▶ PROBLEM TO WORK ON
Once the line containing "set) \<Rightarrow> ('v, 'f)" is found in the entries below, reproduce it and every line after it, stopping at and including the line containing "is a subspace of this vector space.\<close>"; reproduce nothing else, and keep each line exact.
►
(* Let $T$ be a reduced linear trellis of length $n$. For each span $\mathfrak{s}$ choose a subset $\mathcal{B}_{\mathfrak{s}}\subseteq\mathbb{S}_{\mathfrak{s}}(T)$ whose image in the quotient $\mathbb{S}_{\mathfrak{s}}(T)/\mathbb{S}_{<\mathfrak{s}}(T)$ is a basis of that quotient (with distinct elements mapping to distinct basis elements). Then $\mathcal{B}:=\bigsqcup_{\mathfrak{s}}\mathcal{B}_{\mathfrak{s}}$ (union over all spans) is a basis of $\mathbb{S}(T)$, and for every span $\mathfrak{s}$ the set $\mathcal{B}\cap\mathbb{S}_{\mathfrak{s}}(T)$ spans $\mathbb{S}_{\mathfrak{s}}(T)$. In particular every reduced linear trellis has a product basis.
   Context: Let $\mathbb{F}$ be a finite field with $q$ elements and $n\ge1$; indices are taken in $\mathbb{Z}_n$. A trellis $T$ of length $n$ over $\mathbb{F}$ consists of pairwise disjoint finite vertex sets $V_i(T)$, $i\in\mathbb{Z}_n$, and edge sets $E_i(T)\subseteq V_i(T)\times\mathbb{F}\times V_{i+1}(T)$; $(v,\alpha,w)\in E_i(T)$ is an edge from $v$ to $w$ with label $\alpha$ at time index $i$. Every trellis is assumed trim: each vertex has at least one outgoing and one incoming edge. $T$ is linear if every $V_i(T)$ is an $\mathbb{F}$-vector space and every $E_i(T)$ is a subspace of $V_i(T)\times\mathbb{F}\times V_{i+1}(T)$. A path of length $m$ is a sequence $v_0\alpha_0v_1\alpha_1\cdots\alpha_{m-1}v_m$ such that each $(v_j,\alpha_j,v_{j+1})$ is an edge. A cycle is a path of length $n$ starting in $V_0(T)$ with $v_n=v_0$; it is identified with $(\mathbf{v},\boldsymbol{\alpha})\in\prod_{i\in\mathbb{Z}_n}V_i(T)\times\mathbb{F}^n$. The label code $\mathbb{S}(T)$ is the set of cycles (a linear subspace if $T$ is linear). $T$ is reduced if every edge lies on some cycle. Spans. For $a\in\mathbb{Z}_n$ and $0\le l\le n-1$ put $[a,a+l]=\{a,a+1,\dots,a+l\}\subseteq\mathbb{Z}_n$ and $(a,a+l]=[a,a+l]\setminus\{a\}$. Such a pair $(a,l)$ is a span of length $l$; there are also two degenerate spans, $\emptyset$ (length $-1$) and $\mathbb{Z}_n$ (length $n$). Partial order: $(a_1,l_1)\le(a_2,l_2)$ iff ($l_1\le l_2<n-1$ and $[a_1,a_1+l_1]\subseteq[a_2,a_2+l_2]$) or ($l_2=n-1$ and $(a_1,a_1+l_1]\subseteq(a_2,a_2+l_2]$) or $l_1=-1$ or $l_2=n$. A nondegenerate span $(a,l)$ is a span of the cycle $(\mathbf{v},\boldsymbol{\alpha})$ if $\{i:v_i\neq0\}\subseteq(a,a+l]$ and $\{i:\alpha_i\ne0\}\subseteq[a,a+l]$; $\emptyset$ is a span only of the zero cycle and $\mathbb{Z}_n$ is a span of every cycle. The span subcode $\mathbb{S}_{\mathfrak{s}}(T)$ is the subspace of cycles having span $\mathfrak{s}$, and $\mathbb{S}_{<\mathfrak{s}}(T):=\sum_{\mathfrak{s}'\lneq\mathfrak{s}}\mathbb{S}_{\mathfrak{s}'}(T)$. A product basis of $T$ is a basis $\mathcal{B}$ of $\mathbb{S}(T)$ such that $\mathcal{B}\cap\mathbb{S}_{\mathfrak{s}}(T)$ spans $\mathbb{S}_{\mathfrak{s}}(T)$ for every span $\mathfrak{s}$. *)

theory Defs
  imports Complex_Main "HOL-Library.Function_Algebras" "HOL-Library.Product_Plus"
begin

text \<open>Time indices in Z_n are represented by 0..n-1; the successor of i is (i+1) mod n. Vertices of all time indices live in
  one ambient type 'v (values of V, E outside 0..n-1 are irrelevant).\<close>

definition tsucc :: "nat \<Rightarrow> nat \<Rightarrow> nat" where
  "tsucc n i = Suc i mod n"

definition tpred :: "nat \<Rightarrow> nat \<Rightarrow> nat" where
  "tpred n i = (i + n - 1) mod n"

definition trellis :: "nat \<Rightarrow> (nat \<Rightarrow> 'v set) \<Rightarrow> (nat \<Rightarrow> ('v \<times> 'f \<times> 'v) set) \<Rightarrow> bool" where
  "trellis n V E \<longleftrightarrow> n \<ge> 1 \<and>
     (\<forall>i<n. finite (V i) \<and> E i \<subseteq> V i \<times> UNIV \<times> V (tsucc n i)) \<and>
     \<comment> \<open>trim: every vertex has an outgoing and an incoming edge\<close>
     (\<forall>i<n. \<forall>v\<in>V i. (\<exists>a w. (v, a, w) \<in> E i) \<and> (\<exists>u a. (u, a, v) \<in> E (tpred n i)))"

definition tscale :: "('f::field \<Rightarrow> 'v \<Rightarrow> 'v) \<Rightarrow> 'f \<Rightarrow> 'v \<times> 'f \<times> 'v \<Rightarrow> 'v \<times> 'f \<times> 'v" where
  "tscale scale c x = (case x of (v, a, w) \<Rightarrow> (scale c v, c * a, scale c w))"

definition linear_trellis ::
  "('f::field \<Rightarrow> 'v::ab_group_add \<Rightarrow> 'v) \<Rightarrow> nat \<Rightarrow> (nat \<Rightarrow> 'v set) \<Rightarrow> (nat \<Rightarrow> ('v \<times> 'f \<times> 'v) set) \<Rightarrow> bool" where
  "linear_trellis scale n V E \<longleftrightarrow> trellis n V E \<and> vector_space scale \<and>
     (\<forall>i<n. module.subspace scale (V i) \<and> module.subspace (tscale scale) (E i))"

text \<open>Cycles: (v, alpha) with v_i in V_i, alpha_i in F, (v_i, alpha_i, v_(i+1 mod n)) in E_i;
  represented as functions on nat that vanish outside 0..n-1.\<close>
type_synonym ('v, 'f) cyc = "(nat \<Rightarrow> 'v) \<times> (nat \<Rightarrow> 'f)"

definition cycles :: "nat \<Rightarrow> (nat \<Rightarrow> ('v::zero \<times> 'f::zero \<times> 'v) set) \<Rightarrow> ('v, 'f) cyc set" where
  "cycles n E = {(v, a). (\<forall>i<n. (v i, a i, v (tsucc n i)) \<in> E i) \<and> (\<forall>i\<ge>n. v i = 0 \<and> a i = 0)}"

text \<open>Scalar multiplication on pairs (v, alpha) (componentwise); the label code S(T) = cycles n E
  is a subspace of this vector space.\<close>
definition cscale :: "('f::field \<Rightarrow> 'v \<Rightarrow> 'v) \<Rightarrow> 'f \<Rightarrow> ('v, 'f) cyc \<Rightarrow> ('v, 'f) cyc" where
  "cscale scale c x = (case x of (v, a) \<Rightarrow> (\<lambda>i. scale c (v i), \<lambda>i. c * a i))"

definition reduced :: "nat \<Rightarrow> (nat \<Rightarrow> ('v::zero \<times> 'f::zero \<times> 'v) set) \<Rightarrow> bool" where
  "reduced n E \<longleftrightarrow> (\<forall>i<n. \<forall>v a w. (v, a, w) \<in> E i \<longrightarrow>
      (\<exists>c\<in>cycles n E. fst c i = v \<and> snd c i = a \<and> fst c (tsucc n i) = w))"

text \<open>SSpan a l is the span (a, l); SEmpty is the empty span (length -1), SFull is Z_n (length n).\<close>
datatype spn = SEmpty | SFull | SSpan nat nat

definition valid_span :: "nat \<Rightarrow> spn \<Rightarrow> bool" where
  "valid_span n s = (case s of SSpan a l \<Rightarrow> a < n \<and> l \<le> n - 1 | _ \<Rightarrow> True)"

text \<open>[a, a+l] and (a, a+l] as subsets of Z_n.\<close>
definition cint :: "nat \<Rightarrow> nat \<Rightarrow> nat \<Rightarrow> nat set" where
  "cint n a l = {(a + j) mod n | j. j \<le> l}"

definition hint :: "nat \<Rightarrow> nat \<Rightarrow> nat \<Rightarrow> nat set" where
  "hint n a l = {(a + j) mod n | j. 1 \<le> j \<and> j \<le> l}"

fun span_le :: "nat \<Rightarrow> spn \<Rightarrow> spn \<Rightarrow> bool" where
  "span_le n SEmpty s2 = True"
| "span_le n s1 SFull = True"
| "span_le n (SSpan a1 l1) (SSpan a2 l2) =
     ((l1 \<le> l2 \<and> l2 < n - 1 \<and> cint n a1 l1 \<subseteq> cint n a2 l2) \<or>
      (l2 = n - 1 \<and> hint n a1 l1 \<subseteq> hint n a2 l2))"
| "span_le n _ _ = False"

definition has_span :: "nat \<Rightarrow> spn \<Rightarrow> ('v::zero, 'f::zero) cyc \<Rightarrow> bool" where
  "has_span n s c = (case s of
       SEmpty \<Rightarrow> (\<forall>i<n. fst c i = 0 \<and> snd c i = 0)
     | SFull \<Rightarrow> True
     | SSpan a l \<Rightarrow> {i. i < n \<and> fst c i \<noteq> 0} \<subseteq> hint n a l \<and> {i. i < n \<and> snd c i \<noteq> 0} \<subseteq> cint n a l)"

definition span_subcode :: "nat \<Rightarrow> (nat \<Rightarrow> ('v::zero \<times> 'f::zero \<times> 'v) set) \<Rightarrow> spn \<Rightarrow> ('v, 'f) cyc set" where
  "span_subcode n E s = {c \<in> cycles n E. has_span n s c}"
◄
▶ WRITTEN SOLUTION
definition cycles :: "nat \<Rightarrow> (nat \<Rightarrow> ('v::zero \<times> 'f::zero \<times> 'v) set) \<Rightarrow> ('v, 'f) cyc set" where
  "cycles n E = {(v, a). (\<forall>i<n. (v i, a i, v (tsucc n i)) \<in> E i) \<and> (\<forall>i\<ge>n. v i = 0 \<and> a i = 0)}"

text \<open>Scalar multiplication on pairs (v, alpha) (componentwise); the label code S(T) = cycles n E
  is a subspace of this vector space.\<close>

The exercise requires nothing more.